Griffin lost the bulk of his possessions to smoke, fire and water damage.

He is insured for the items in his apartment, but some things are irreplaceable.

The former Charlottetown Rural High School teacher is particularly saddened to letters and cards of gratitude from his former students were destroyed.

“That hurts,’’ he says.

“Maybe once or twice a year I’ll go through those notes all over again and read them and it makes me feel good.’’

Griffin, who along some other residents were allowed back in the charred building Monday to see what might be salvaged, has put the tragedy into perspective.

“I was devastated at the start,’’ he says.

“I said ‘I’ve lost everything: all my pictures, my wallet, my money, everything. Then I realized everything can be replaced. Nobody was hurt. No lives were taken. And I just thank God that we are all safe.’’

Griffin, who is currently living with his sister, hopes to eventually move back in to The Harold. 

He has lived alone in his apartment since the building opened in March 2017.

He likes the central location and the indoor parking. But most of all, he cherishes the friendships he has made with other tenants.

“We have social functions here all the time and it is just like a family,’’ he says.

Keith and Jeanne Notman.
Keith and Jeanne Notman.

Jeanne Notman, 77, is also eager to return to The Harold with her 76-year-old husband, Keith.

“It was a beautiful place and it was a wonderful community of people in it,’’ she says.

The couple feel fortunate to have been at their cottage when the 29-unit complex went up in flames.
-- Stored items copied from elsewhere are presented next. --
lemma bj_orth_if_supporting_functional:
  fixes \<phi> :: "'a::real_normed_vector \<Rightarrow> real"
  assumes lin: "linear \<phi>" and x: "norm x \<le> 1"
    and supp: "\<And>y. norm y \<le> 1 \<Longrightarrow> \<phi> y \<le> \<phi> x"
    and k: "\<phi> k \<noteq> 0" and v: "\<phi> v = 0"
  shows "bj_orth x v"
proof -
  have bound: "\<phi> w \<le> \<phi> x * norm w" for w
  proof (cases "w = 0")
    case True
    thus ?thesis by (simp add: linear_0[OF lin])
  next
    case False
    hence "\<phi> (w /\<^sub>R norm w) \<le> \<phi> x" by (intro supp) simp
    hence "\<phi> w / norm w \<le> \<phi> x" by (simp add: linear_scale[OF lin] divide_inverse mult.commute)
    thus ?thesis using False by (simp add: divide_le_eq mult.commute)
  qed
  have "\<bar>\<phi> k\<bar> \<le> \<phi> x * norm k"
    using bound[of k] bound[of "-k"] by (simp add: linear_neg[OF lin])
  with k have "0 < \<phi> x * norm k" by linarith
  hence pos: "\<phi> x > 0" by (simp add: zero_less_mult_iff)
  show ?thesis unfolding bj_orth_def
  proof
    fix t :: real
    have "\<phi> x = \<phi> (x + t *\<^sub>R v)" using v by (simp add: linear_add[OF lin] linear_scale[OF lin])
    also have "\<dots> \<le> \<phi> x * norm (x + t *\<^sub>R v)" by (rule bound)
    finally have "1 \<le> norm (x + t *\<^sub>R v)" using pos by simp
    with x show "norm x \<le> norm (x + t *\<^sub>R v)" by simp
  qed
qed

lemma preserves_bj_at_supported_imp_zero:
  fixes T :: "'a::real_normed_vector \<Rightarrow> 'b::real_normed_vector" and \<phi> :: "'a \<Rightarrow> real"
  assumes lin: "linear T" and pres: "preserves_bj_at T x"
    and lin_\<phi>: "linear \<phi>" and x: "norm x \<le> 1"
    and supp: "\<And>y. norm y \<le> 1 \<Longrightarrow> \<phi> y \<le> \<phi> x"
    and k: "\<phi> k \<noteq> 0" "T k = 0"
  shows "T x = 0"
proof -
  define v where "v = x - (\<phi> x / \<phi> k) *\<^sub>R k"
  have "\<phi> v = 0" using k by (simp add: v_def linear_diff[OF lin_\<phi>] linear_scale[OF lin_\<phi>])
  with lin_\<phi> x supp k(1) have "bj_orth x v" by (rule bj_orth_if_supporting_functional)
  hence "bj_orth (T x) (T v)" using pres by (simp add: preserves_bj_at_def)
  moreover have "T v = T x" using k by (simp add: v_def linear_diff[OF lin] linear_scale[OF lin])
  ultimately show ?thesis by (simp add: bj_orth_self_iff)
qed
(* Let $P$ be (the normalised CFMDP of) a program over label set $\Sigma$, let $\Phi=(\varphi_e,\varphi_f)$ be a specification and let $\beta\in[0,1]$. If $\mathbb{P}_\Phi(P)\le\beta$, then there exist PCFAs $Q$ and $A$ over $\Sigma$ satisfying the following three conditions: (i) $\mathcal{L}(P)\subseteq\mathcal{L}(Q)\cup\mathcal{L}(A)$; (ii) for every $\tau\in\mathcal{L}(Q)$ and every $s\models\varphi_e$, $[\![\tau]\!](s)\not\models\neg\varphi_f$; (iii) $\mathbb{P}^{\mathcal{L}}_\Phi(\mathcal{L}(A))\le\beta$.
   Context: Labels. $\Sigma$ is a finite label set. It contains probabilistic labels $\mathrm{Pb}_{(i,\mathtt{L})}$ and $\mathrm{Pb}_{(i,\mathtt{R})}$, indexed by identifiers $i$ of fair binary probabilistic choices. The other labels are non-random (set $\Sigma^-$). PCFA. A PCFA is a tuple $(L,\Sigma,\delta,\ell_0,\ell_e)$ with $L$ finite, $\delta\subseteq L\times\Sigma\times L$ and unique accepting location $\ell_e$. Its language $\mathcal{L}$ is the set of finite words labelling paths from $\ell_0$ to $\ell_e$. CFMDP and CFMC. A CFMDP is a deterministic PCFA with no transitions out of $\ell_e$. The action of a transition labelled $\sigma\in\Sigma^-$ is $\sigma$, and that of a transition labelled $\mathrm{Pb}_{(i,d)}$ is $i$. A CFMC is a CFMDP in which all transitions out of each location share one action. A CFMDP is normalised if, whenever $\ell\xrightarrow{\mathrm{Pb}_{(i,\mathtt{L})}}\ell_1$ and $\ell\xrightarrow{\mathrm{Pb}_{(i,\mathtt{R})}}\ell_2$ both exist, $\ell_1\neq\ell_2$. Strategies. $\mathcal{S}(\mathcal{A})$ is the set of finite-memory strategies for $\mathcal{A}$, and $\mathcal{A}^\psi$ is the induced CFMC. Semantics and weight. Labels are interpreted as functions $[\![\sigma]\!]$ on program states, with probabilistic and non-deterministic labels interpreted as the identity. $[\![\sigma_1\cdots\sigma_n]\!]=[\![\sigma_n]\!]\circ\cdots\circ[\![\sigma_1]\!]$. $wt(\tau)=2^{-n}$, where $n$ is the number of probabilistic labels in $\tau$. Violation probabilities. $$\mathbb{P}_\Phi(\mathcal{A})=\sup_{s\models\varphi_e}\sup_{\psi\in\mathcal{S}(\mathcal{A})}\sum_{\tau\in\mathcal{L}(\mathcal{A}^\psi)}wt(\tau)\,[\,[\![\tau]\!](s)\models\neg\varphi_f\,].$$ $\Theta\subseteq\Sigma^*$ is mergeable if $\Theta=\mathcal{L}(\mathcal{M})$ for a CFMC $\mathcal{M}$, and $\mathrm{Mergeable}(\Theta)$ is the set of mergeable subsets of $\Theta$. Then $$\mathbb{P}^{\mathcal{L}}_\Phi(\Theta)=\sup_{s\models\varphi_e}\sup_{\Pi\in\mathrm{Mergeable}(\Theta)}\sum_{\tau\in\Pi}wt(\tau)\,[\,[\![\tau]\!](s)\models\neg\varphi_f\,].$$ *)

theory Defs
  imports "HOL-Analysis.Analysis"
begin
(* For every $1\le j\le m+n$, as operators on $\widetilde T(\mathbb V)$, $$L(e_j)L(e_j^\ast)=\frac{K_j-K_j^{-1}}{q_j-q_j^{-1}}.$$
   Context: $q$ is an indeterminate, $m,n\ge1$, $[m+n]=\{1,\dots,m+n\}$. The Hecke algebra $\mathscr H_d$ is the $\mathbb C(q)$-algebra generated by $T_1,\dots,T_{d-1}$ with relations $(T_i-q)(T_i+q^{-1})=0$, $T_iT_{i+1}T_i=T_{i+1}T_iT_{i+1}$, $T_iT_j=T_jT_i$ ($|i-j|>1$); $T_w=T_{i_1}\cdots T_{i_k}$ for a reduced expression $w=s_{i_1}\cdots s_{i_k}\in\mathfrak S_d$; $\mathscr H_\infty$ is the inductive limit of $\mathscr H_0\subset\mathscr H_1\subset\cdots$, and $T\mapsto T^{\uparrow k}$ is the algebra endomorphism with $T_i^{\uparrow k}=T_{i+k}$. Parity: $\hat i=0$ if $i\le m$, $\hat i=1$ if $i>m$; $q_i=q^{(-1)^{\hat i}}$. $\gamma(i,j)=1$ if $i>j$ and $-1$ if $i\le j$. $\mathbb V$ is the $\mathbb C(q)$-vector space with basis $e_1,\dots,e_{m+n}$, $e_i$ of parity $\hat i$; $e_1^\ast,\dots,e_{m+n}^\ast$ is the dual basis. For $I=(i_d,\dots,i_1)\in[m+n]^d$, $e_I=e_{i_d}\otimes\cdots\otimes e_{i_1}$, written $e_{i_d}\cdots e_{i_1}$; $I.s_k$ is $I$ with the entries $i_k,i_{k+1}$ swapped. The right $\mathscr H_d$-action on $\mathbb V^{\otimes d}$: $e_I.T_k=(-1)^{\hat i_k\hat i_{k+1}}e_{I.s_k}$ if $i_k>i_{k+1}$; $=(-1)^{\hat i_k}q_{i_k}e_I$ if $i_k=i_{k+1}$; $=(-1)^{\hat i_k\hat i_{k+1}}e_{I.s_k}+(q-q^{-1})e_I$ if $i_k<i_{k+1}$. Set $\widetilde T_d(\mathbb V)=\mathbb V^{\otimes d}\otimes_{\mathscr H_d}\mathscr H_\infty$, $\widetilde T(\mathbb V)=\bigoplus_{d\ge0}\widetilde T_d(\mathbb V)$, with product $(e_{j_k}\cdots e_{j_1}\otimes T_\tau)\cdot(e_{i_d}\cdots e_{i_1}\otimes T_\sigma)=e_{j_k}\cdots e_{j_1}e_{i_d}\cdots e_{i_1}\otimes T_\tau^{\uparrow d}T_\sigma$. For $\varphi\in\widetilde T(\mathbb V)$, $L(\varphi)$ is left multiplication by $\varphi$; $L(e_i)$ uses $e_i\otimes1\in\widetilde T_1(\mathbb V)$. For $j\in[m+n]$, $f_j(e_r)=q_j^{-\delta_{jr}}e_r$ and $g_j(e_r)=e_r\otimes T_1^{-\gamma(j,r)}\in\widetilde T_1(\mathbb V)$, and $L(e_j^\ast)=0$ on $\widetilde T_0(\mathbb V)$, $$L(e_j^\ast)(e_{i_d}\cdots e_{i_1}\otimes T_\sigma)=\sum_{k=1}^d(-1)^{\hat j(\hat i_d+\cdots+\hat i_{k+1})}\langle e_j^\ast,e_{i_k}\rangle\,g_j(e_{i_d})\cdots g_j(e_{i_{k+1}})f_j(e_{i_{k-1}})\cdots f_j(e_{i_1})\cdot T_\sigma$$ (product in $\widetilde T(\mathbb V)$). The operator $K_j$ ($j\in[m+n]$) on $\widetilde T(\mathbb V)$ acts by $K_j(e_I\otimes T)=q_j^{\#\{r:\,i_r=j\}}\,e_I\otimes T$. *)

theory Defs
  imports Main "HOL-Computational_Algebra.Polynomial" "HOL-Computational_Algebra.Fraction_Field"
begin

(* Ground field C(q): fractions of complex polynomials; q is the indeterminate. *)
type_synonym K = "complex poly fract"

definition qq :: K where "qq = Fract [:0, 1:] 1"

definition par :: "nat \<Rightarrow> nat \<Rightarrow> nat" where
  "par m i = (if i \<le> m then 0 else 1)"
definition qsub :: "nat \<Rightarrow> nat \<Rightarrow> K" where
  "qsub m i = (if i \<le> m then qq else inverse qq)"

(* Basis symbols (I, w): I = [i_1, ..., i_d] (note: listed from i_1 to i_d) stands for
   e_{i_d} ... e_{i_1}; w = [k_1,...,k_r] is the word T_{k_1} ... T_{k_r} in the generators of H_infty.
   The pair stands for e_I \<otimes> T_{k_1}...T_{k_r}. *)
type_synonym bs = "nat list \<times> nat list"
type_synonym vec = "bs \<Rightarrow> K"

definition bas :: "bs \<Rightarrow> vec" where "bas b = (\<lambda>c. if c = b then 1 else 0)"
definition smul :: "K \<Rightarrow> vec \<Rightarrow> vec" where "smul a x = (\<lambda>c. a * x c)"
definition vplus :: "vec \<Rightarrow> vec \<Rightarrow> vec" where "vplus x y = (\<lambda>c. x c + y c)"
definition vminus :: "vec \<Rightarrow> vec \<Rightarrow> vec" where "vminus x y = (\<lambda>c. x c - y c)"
definition supp :: "vec \<Rightarrow> bs set" where "supp x = {b. x b \<noteq> 0}"

definition ext :: "(bs \<Rightarrow> vec) \<Rightarrow> vec \<Rightarrow> vec" where
  "ext F x = (\<lambda>c. \<Sum>b\<in>supp x. x b * F b c)"

(* product of basis symbols:
   (e_{j_k}..e_{j_1} \<otimes> T_\<tau>)(e_{i_d}..e_{i_1} \<otimes> T_\<sigma>) = e_{j_k}..e_{j_1} e_{i_d}..e_{i_1} \<otimes> T_\<tau>^{\<up>d} T_\<sigma> *)
definition bmul :: "bs \<Rightarrow> bs \<Rightarrow> bs" where
  "bmul a b = (fst b @ fst a, map (\<lambda>t. t + length (fst b)) (snd a) @ snd b)"
definition tmul :: "vec \<Rightarrow> vec \<Rightarrow> vec" where
  "tmul x y = (\<lambda>c. \<Sum>a\<in>supp x. \<Sum>b\<in>supp y. if bmul a b = c then x a * y b else 0)"
definition tone :: vec where "tone = bas ([], [])"
definition tprod :: "vec list \<Rightarrow> vec" where "tprod xs = foldr tmul xs tone"

definition valid :: "nat \<Rightarrow> nat \<Rightarrow> bs \<Rightarrow> bool" where
  "valid m n b \<longleftrightarrow> set (fst b) \<subseteq> {1..m+n} \<and> 0 \<notin> set (snd b)"
(* In the graph process described in the context, for every $v\in[n]$, $$\bigl|\{u\in[n]: d_{H^{(q)}}(v,u)<h\}\bigr|\le 2\delta^{h-1}n.$$
   Context: Fix integers $n\ge1$, $h\ge2$, a real $\delta\in(0,1)$ with $\delta n^{1/(h-1)}>3$, and $S=\{1,\ldots,\lfloor\delta n\rfloor\}\subseteq[n]$. Let $(a_1,b_1),\ldots,(a_q,b_q)$ be a sequence of unordered pairs of distinct points of $[n]$, no pair repeated. All graphs are unweighted undirected on vertex set $[n]$; $d_G$ is the shortest-path (edge-count) distance ($\infty$ if disconnected), $\deg_G$ the degree. Graph process: $E_G^{(0)}=\{(u,v): u,v\in[n]\setminus S, u\ne v\}$, $E_H^{(0)}=\emptyset$, $G^{(i)}=([n],E_G^{(i)})$, $H^{(i)}=([n],E_H^{(i)})$. For $i=1,\ldots,q$: if $d_{G^{(i-1)}}(a_i,b_i)\le h$, choose a shortest $a_i$-$b_i$ path $P_i$ in $G^{(i-1)}$, set $E_H^{(i)}=E_H^{(i-1)}\cup\{\text{edges of }P_i\}$ and $E_G^{(i)}=E_G^{(i-1)}\setminus\{(u,v)\in E_G^{(i-1)}\setminus E_H^{(i)}: \deg_{H^{(i)}}(u)\ge\delta n^{1/(h-1)}-2\text{ or }\deg_{H^{(i)}}(v)\ge\delta n^{1/(h-1)}-2\}$; otherwise set $E_H^{(i)}=E_H^{(i-1)}$, $E_G^{(i)}=E_G^{(i-1)}$. *)

theory Defs
  imports Complex_Main "HOL-Library.Extended_Nat"
begin

text \<open>Graphs on vertex set [n] = {1..n} are represented by their edge sets:
  sets of two-element sets of naturals.\<close>

definition gp_vertices :: "nat \<Rightarrow> nat set" where
  "gp_vertices n = {1..n}"

definition is_walk :: "nat set set \<Rightarrow> nat list \<Rightarrow> nat \<Rightarrow> nat \<Rightarrow> bool" where
  "is_walk E p a b \<longleftrightarrow> p \<noteq> [] \<and> hd p = a \<and> last p = b \<and>
     (\<forall>i. Suc i < length p \<longrightarrow> {p ! i, p ! Suc i} \<in> E)"

text \<open>Shortest-path (edge-count) distance; infinity if no walk exists.\<close>
definition gdist :: "nat set set \<Rightarrow> nat \<Rightarrow> nat \<Rightarrow> enat" where
  "gdist E a b = Inf {enat (length p - 1) | p. is_walk E p a b}"

definition walk_edges :: "nat list \<Rightarrow> nat set set" where
  "walk_edges p = {{p ! i, p ! Suc i} | i. Suc i < length p}"

definition gdeg :: "nat set set \<Rightarrow> nat \<Rightarrow> nat" where
  "gdeg E v = card {u. {u, v} \<in> E}"

definition gp_threshold :: "nat \<Rightarrow> nat \<Rightarrow> real \<Rightarrow> real" where
  "gp_threshold n h \<delta> = \<delta> * real n powr (1 / (real h - 1)) - 2"

definition gp_S :: "nat \<Rightarrow> real \<Rightarrow> nat set" where
  "gp_S n \<delta> = {1..nat \<lfloor>\<delta> * real n\<rfloor>}"

definition gp_EG0 :: "nat \<Rightarrow> real \<Rightarrow> nat set set" where
  "gp_EG0 n \<delta> = {{u, v} | u v. u \<in> gp_vertices n - gp_S n \<delta> \<and>
                                 v \<in> gp_vertices n - gp_S n \<delta> \<and> u \<noteq> v}"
“We were not there for the trauma, nor was our little dog,’’ says Jeanne.

Adds Keith: “I thank God that we weren’t here because I have a heart condition and I probably would have had a heart attack looking at the building burning. We are very, very fortunate.’’

Keith would like to see the capital city ban the use of mulch, which was determined to have contributed to the cause of the fire.

Charlottetown Fire Inspector Winston Bryan told The Guardian Friday the misuse of cigarette butts and other flammables can ignite mulch. A spark can smoulder underneath the top layer of mulch for some time, in some cases spreading a layer of fire up to 10 feet across, before breaking out in flames.

This long smoulder occurred in the blaze at The Harold.

“We would still be living here if it was not for the mulch,’’ says Keith.

Dan Sampson, director of property management for Killam Apartment REIT, said mulch is being removed from the perimeter of its three apartment complexes on Harley Road. He adds the company is also looking to determine if the garden bed material is safely placed at its other properties.

Sampson says residents were allowed to go in to 17 of the 19 apartments on the first and second floor, accompanied by security personnel, to retrieve items readily accessible like passports and cellphones.

The process to remove larger items like furniture will begin Wednesday.

Sampson says all 10 unites on the third floor have significant fire and water damage and are not safe to walk through.

He says the third floor needs to be entirely rebuilt and the first and second floors will either be repaired or rebuilt. Neither option will be completed before at least eight months, he adds.